Week Links in Education: Mar. 25

Stories and essays, particularly related to education in the United States, that caught my attention this week. A 🕛 symbol indicates a metered paywall.

Near Los Angeles, a high school teacher was sucked through the doorway of her classroom by wind associated with a small tornado. (She’s fine.)

In Los Angeles itself, workers in America’s second largest school district (with more than 400,000 students) held a three-day walkout.

On Capitol Hill, Republicans in the House of Representatives issued subpoenas to Stanford University, the University of Washington, and Clemson University, as part of their investigation into the theory that Republicans are too quiet on social media.

To get some of its lessons on the civil rights movement approved for use in Florida elementary schools, a curriculum publisher deleted the civil-rights-movement part.

A co-sponsor of Florida’s so-called Don’t Say Gay law faces up to 35 years in prison after pleading guilty to federal charges related to fraudulently obtaining pandemic relief funds.

Also in Florida, the directors of a so-called classical charter school fired caused the resignation of the principal after sixth graders in an art history class were exposed to unexpected pornography, i.e., a picture of Michelangelo’s David. The school board chair insisted it was more complicated than that, but also said it’s a Florida thing and you probably wouldn’t understand.

At the University of Houston, two students have died by suicide at the same 🕛 campus building in the space of one month. A third student died at the same building in 2017.

Meanwhile, the University of Houston apparently deleted its English department’s anti-racism statement after a tenured professor denounced 🕛 it by claiming that Black people are intellectually inferior to whites and Asians.
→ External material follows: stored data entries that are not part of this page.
(* Let $(X,\|\cdot\|)$ be a finite-dimensional Banach space. Then $X$ is convex if and only if for every sequence $\{v_n\}_{n\in\mathbb{N}}$ of vectors in $X$ such that $\|v_{n+m}\|\le\|v_n+v_m\|$ for all $n,m\in\mathbb{N}$, the limit $\lim_{n\to\infty}\frac{v_n}{n}$ exists.
   Context: $\mathbb{N}=\{1,2,3,\dots\}$. A Banach space $X$ is called convex if for all $u,v\in X$ with $u\neq v$ and $\|u\|=\|v\|=1$ we have $\|u+v\|<2$. *)

theory Defs
  imports "HOL-Analysis.Analysis"
begin

text \<open>A normed space is convex (strictly convex) if distinct unit vectors
  u, v satisfy norm (u + v) < 2.\<close>
definition convex_normed_space :: "'a::real_normed_vector itself \<Rightarrow> bool" where
  "convex_normed_space _ \<longleftrightarrow>
     (\<forall>u v::'a. u \<noteq> v \<and> norm u = 1 \<and> norm v = 1 \<longrightarrow> norm (u + v) < 2)"

end

theory Submission
  imports Defs
begin

text \<open>By Fekete's lemma \<open>\<parallel>v n\<parallel> / n\<close> tends to \<open>L = inf \<parallel>v n\<parallel> / n\<close>. For \<open>p \<le> m\<close> the
  hypothesis gives \<open>\<parallel>v p / p + v m / m\<parallel> \<ge> 2L - d p m\<close>, where the defects
  \<open>d p m = (e m - e (m + p)) / p\<close> of the excess \<open>e n = \<parallel>v n\<parallel> - n L \<ge> 0\<close> telescope in \<open>m\<close>.
  Averaging therefore finds, beyond any \<open>n, n'\<close>, some \<open>m\<close> at which both \<open>d n m\<close> and \<open>d n' m\<close>
  are small. In finite dimensions strict convexity is uniform by compactness, so \<open>v n / n\<close> and
  \<open>v n' / n'\<close> are both close to \<open>v m / m\<close>, and \<open>v n / n\<close> is a Cauchy sequence.
  Conversely, if distinct unit vectors \<open>x, y\<close> have \<open>\<parallel>x + y\<parallel> = 2\<close>, then \<open>v n = n x\<close> for even
  and \<open>v n = n y\<close> for odd \<open>n\<close> satisfies the hypothesis, while \<open>v n / n\<close> alternates.\<close>

lemma abs_scaleR_infdist_le_norm:
  fixes b y :: "'a::real_normed_vector"
  assumes "subspace T" "y \<in> T"
  shows "\<bar>t\<bar> * infdist b T \<le> norm (t *\<^sub>R b + y)"
proof (cases "t = 0")
  case False
  have "- (1 / t) *\<^sub>R y \<in> T"
    using assms by (intro subspace_neg subspace_scale)
  then have "infdist b T \<le> dist b (- (1 / t) *\<^sub>R y)"
    by (rule infdist_le)
  moreover have "t *\<^sub>R b + y = t *\<^sub>R (b - (- (1 / t) *\<^sub>R y))"
    using False by (simp add: algebra_simps)
  ultimately show ?thesis
    by (simp add: dist_norm mult_left_mono)
qed simp

lemma closed_if_bounded_seqs_have_convergent_subseqs:
  fixes T :: "'a::metric_space set"
  assumes "\<And>x :: nat \<Rightarrow> 'a. bounded (range x) \<Longrightarrow> range x \<subseteq> T \<Longrightarrow>
             \<exists>l\<in>T. \<exists>r. strict_mono r \<and> (x \<circ> r) \<longlonglongrightarrow> l"
  shows "closed T"
  unfolding closed_sequential_limits
proof (intro allI impI)
  fix x l
  assume x: "(\<forall>n. x n \<in> T) \<and> x \<longlonglongrightarrow> l"
  then have "bounded (range x)"
    using convergent_imp_bounded by blast
  moreover have "range x \<subseteq> T"
    using x by auto
  ultimately obtain l' r where "l' \<in> T" "strict_mono r" "(x \<circ> r) \<longlonglongrightarrow> l'"
    using assms by blast
  moreover have "(x \<circ> r) \<longlonglongrightarrow> l"
    using x \<open>strict_mono r\<close> by (simp add: LIMSEQ_subseq_LIMSEQ)
  ultimately show "l \<in> T"
    using LIMSEQ_unique by metis
qed

lemma bounded_seq_in_span_insert_decomp:
  fixes x :: "nat \<Rightarrow> 'a::real_normed_vector"
  assumes "closed (span S)" "b \<notin> span S" "bounded (range x)" "range x \<subseteq> span (insert b S)"
  obtains t y where "\<And>n. x n = t n *\<^sub>R b + y n" "range y \<subseteq> span S"
    "bounded (range t)" "bounded (range y)"
proof -
  have d: "infdist b (span S) > 0"
    using assms(1,2) infdist_pos_not_in_closed span_zero by blast
  have "\<forall>n. \<exists>c. x n - c *\<^sub>R b \<in> span S"
    using assms(4) span_insert[of b S] by auto
  then obtain t where t: "\<And>n. x n - t n *\<^sub>R b \<in> span S"
    by metis
  define y where "y n = x n - t n *\<^sub>R b" for n
  obtain B where B: "\<And>n. norm (x n) \<le> B"
    using assms(3) bounded_iff by (metis rangeI)
  have "\<bar>t n\<bar> * infdist b (span S) \<le> B" for n
    using abs_scaleR_infdist_le_norm[OF subspace_span t[of n], of "t n" b] B[of n] by simp
  then have t_bound: "\<bar>t n\<bar> \<le> B / infdist b (span S)" for n
    using d by (simp add: field_simps)
  have "norm (y n) \<le> B + B / infdist b (span S) * norm b" for n
  proof -
    have "norm (y n) \<le> norm (x n) + \<bar>t n\<bar> * norm b"
      unfolding y_def using norm_triangle_ineq4[of "x n" "t n *\<^sub>R b"] by simp
    then show ?thesis
      using B[of n] mult_right_mono[OF t_bound[of n] norm_ge_zero[of b]] by linarith
  qed
  moreover have "bounded (range t)"
    using t_bound unfolding bounded_iff by (metis real_norm_def rangeE)
  ultimately show ?thesis
    using that[of t y] t unfolding bounded_iff y_def by auto
qed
In the same city, a Liberty University employee who also heads the American Association of Christian Counselors was sued by Houston Christian University for failure to deliver on a multimillion-dollar contract to develop its mental health programs.

Six hundred miles away, the president of West Texas A&M University ordered the cancelation of a drag show, claiming it would be misogynistic.

In Denver, a high school student reportedly shot two administrators in front of the school, then died near his own vehicle.

America’s current teacher shortages are complicated (not to say contradictory). NPR took a look at the complexity, reporting on a teacher job fair in Mississippi.